▶ EXERCISE: Scan the listing below for the word "Rightarrow" and copy every line where it occurs.

========================================

lemma hidden_subset_mass_le:
  assumes "0 \<le> \<sigma>" "finite U" "j < card U"
    and "\<forall>h. \<forall>i\<in>U. 0 \<le> P h i \<and> P h i \<le> \<sigma>" "\<forall>h. sum (P h) U \<le> 1"
  shows "hidden_subset_mass A P U w j h k
           \<le> real (card U choose k) * real k * (\<sigma> * real j + 1) / real (card U - j)"
  using assms(2-)
proof (induction j arbitrary: U w h k)
  case 0
  then show ?case using hidden_subset_mass_no_queries_le by simp
next
  case (Suc j)
  note fin = Suc.prems(1) and bounded = Suc.prems(3) and total = Suc.prems(4)
  consider "A h \<notin> U" | "A h \<in> U" "k = 0" | k' where "A h \<in> U" "k = Suc k'"
    by (cases k) auto
  then show ?case
  proof cases
    case 1
    have "hidden_subset_mass A P U w (Suc j) h k = hidden_subset_mass A P U w j (h @ [w (A h)]) k"
      using 1 by (rule hidden_subset_mass_query_outside)
    also have "\<dots> \<le> real (card U choose k) * real k * (\<sigma> * real j + 1) / real (card U - j)"
      using Suc by simp
    also have "\<dots> \<le> real (card U choose k) * real k * (\<sigma> * real (Suc j) + 1) / real (card U - Suc j)"
      using Suc.prems(2) assms(1) by (intro frac_le mult_left_mono) (auto intro!: mult_left_mono)
    finally show ?thesis .
  next
    case 2
    then show ?thesis by (simp add: hidden_subset_mass_empty[OF fin])
  next
    case 3
    obtain N where N: "card U = Suc N" using Suc.prems(2) by (cases "card U") auto
    have "sum (P h') (U - {A h}) \<le> sum (P h') U" for h'
      using fin bounded by (intro sum_mono2) auto
    then have total': "\<forall>h'. sum (P h') (U - {A h}) \<le> 1" using total by (meson order_trans)
    have "\<forall>h'. \<forall>i\<in>U - {A h}. 0 \<le> P h' i \<and> P h' i \<le> \<sigma>" using bounded by blast
    note IH = Suc.IH[OF _ _ this total']
    show ?thesis
      unfolding 3(2) N using assms(1) fin N Suc.prems(2) 3(1) bounded IH
      by (intro hidden_subset_mass_query_inside_le) auto
  qed
qed

lemma sum_subsets_output_mass_le:
  assumes "0 \<le> \<sigma>" "m < n" "\<forall>h. smooth_strategy n \<sigma> (P h)"
  shows "(\<Sum>S\<in>{S. S \<subseteq> {..<n} \<and> card S = k}. \<Sum>i\<in>S. P (run_queries A (indicator S) m []) i)
           \<le> real (n choose k) * real k * (\<sigma> * real m + 1) / real (n - m)"
proof -
  have "override_on (\<lambda>_. 0) (indicator S) {..<n} = (indicator S :: nat \<Rightarrow> real)" if "S \<subseteq> {..<n}" for S
    using that by (auto simp: override_on_def indicator_def fun_eq_iff)
  then have "(\<Sum>S\<in>{S. S \<subseteq> {..<n} \<and> card S = k}. \<Sum>i\<in>S. P (run_queries A (indicator S) m []) i)
             = hidden_subset_mass A P {..<n} (\<lambda>_. 0) m [] k"
    unfolding hidden_subset_mass_def by (intro sum.cong) auto
  also have "\<dots> \<le> real (n choose k) * real k * (\<sigma> * real m + 1) / real (n - m)"
    using hidden_subset_mass_le[of \<sigma> "{..<n}" m P] assms
    by (simp add: smooth_strategy_def strategy_def)
  finally show ?thesis .
qed

section \<open>Indicator bandits\<close>

lemma pos_if_le_of_nat_mult:
  fixes \<sigma> c :: real
  assumes "0 < c" "c \<le> real n * \<sigma>"
  shows "0 < \<sigma>"
  using assms by (auto simp: zero_less_mult_iff dest: order.strict_trans2)

definition indicator_bandit :: "nat set \<Rightarrow> nat \<Rightarrow> real measure" where
  "indicator_bandit S = (\<lambda>i. return borel (indicator S i))"

lemma bandit_indicator_bandit: "bandit n (indicator_bandit S)"
  unfolding bandit_def indicator_bandit_def by (simp add: prob_space_return AE_return)

lemma expected_utility_indicator_bandit:
  assumes "S \<subseteq> {..<n}"
  shows "(\<Sum>i<n. \<pi> i * utility (indicator_bandit S) i) = sum \<pi> S"
proof -
  have "utility (indicator_bandit S) i = indicator S i" for i
    unfolding utility_def indicator_bandit_def by (rule integral_return) auto
  then have "(\<Sum>i<n. \<pi> i * utility (indicator_bandit S) i) = (\<Sum>i\<in>{..<n} \<inter> S. \<pi> i)"
    by (simp add: indicator_def sum.inter_restrict)
  also have "{..<n} \<inter> S = S" using assms by auto
  finally show ?thesis .
qed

========================================

▶ ANSWER BELOW:
  have "override_on (\<lambda>_. 0) (indicator S) {..<n} = (indicator S :: nat \<Rightarrow> real)" if "S \<subseteq> {..<n}" for S
definition indicator_bandit :: "nat set \<Rightarrow> nat \<Rightarrow> real measure" where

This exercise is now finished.